With this life change comes a new set of priorities. "For me it's a question now of the cultivation of my soul and developing new habits and interests. Now that my marriage is over and my son, Cameron, is an adult, I find this is a really exciting time for me. I don't know where it's going; I'm just part of the excitement. It's a fun time because I don't have anywhere near the personal responsibilities and obligations that I have had the last 20 years. It makes me be more responsible for myself than to others. Sometimes you can hide out behind others and being involved with others."
The obvious question is, will this handsome eligible bachelor ever remarry? "I would love the opportunity to get married again, and we'll see if it comes up. I think ladies make certain assumptions about me, so they get kind of cool, blasé. It's certainly an adjustment learning to be alone over a long period of time, although I'm enjoying it. It's giving me a chance to work on myself. To work on my golf game. To do a lot of skiing. And I'm not really looking for a relationship. That's the nice thing about getting older; you learn to make decisions without desperation.
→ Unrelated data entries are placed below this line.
theorem mainTheorem9:
  fixes C :: "'a::euclidean_space set" and S :: "'a set set"
  assumes "C \<in> sets borel" and "S \<subseteq> sets borel"
  shows "PropEF C 2 S \<ge> Prop C 2 S * (INF s \<in> S. PropEF s 2 S)"
proof -
  let ?P = "INF s \<in> S. PropEF s 2 S"
  have S: "S \<subseteq> sets lebesgue"
    using assms(2) by auto
  have "Prop C 2 S * ?P \<le> ef_share C 2 S v" if vC: "\<forall>i<2. value_density C (v i)" for v
  proof -
    have "Prop C 2 S \<le> (SUP X \<in> {X. S_allocation C 2 S X}. ennreal (min_share 2 C v X))"
      unfolding Prop_def using vC by (intro INF_lower) simp
    then have "Prop C 2 S * ?P \<le> (SUP X \<in> {X. S_allocation C 2 S X}. ennreal (min_share 2 C v X)) * ?P"
      by (rule mult_right_mono) simp
    also have "\<dots> = (SUP X \<in> {X. S_allocation C 2 S X}. ennreal (min_share 2 C v X) * ?P)"
      by (rule SUP_mult_right_ennreal)
    also have "\<dots> \<le> ef_share C 2 S v"
      using min_share_mult_INF_PropEF_le_ef_share[OF S vC] by (auto intro: SUP_least)
    finally show ?thesis .
  qed
  then show ?thesis
    unfolding PropEF_def ef_share_def[symmetric] by (auto intro: INF_greatest)
qed

end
I'm enjoying this time. I'm more comfortable with myself than I have ever been before. With any luck, I'll have the good fortune to be able to give something back, but that's yet to be defined.
"What I see right now for me is a new moment in my life, a new start," Douglas says. "I have an interest now in using my ability of being recognized all over the world to do some things besides simply going out and promoting a movie." He is already involved in several causes that he holds very dear to his heart: the United Nations, nuclear nonproliferation and handgun control.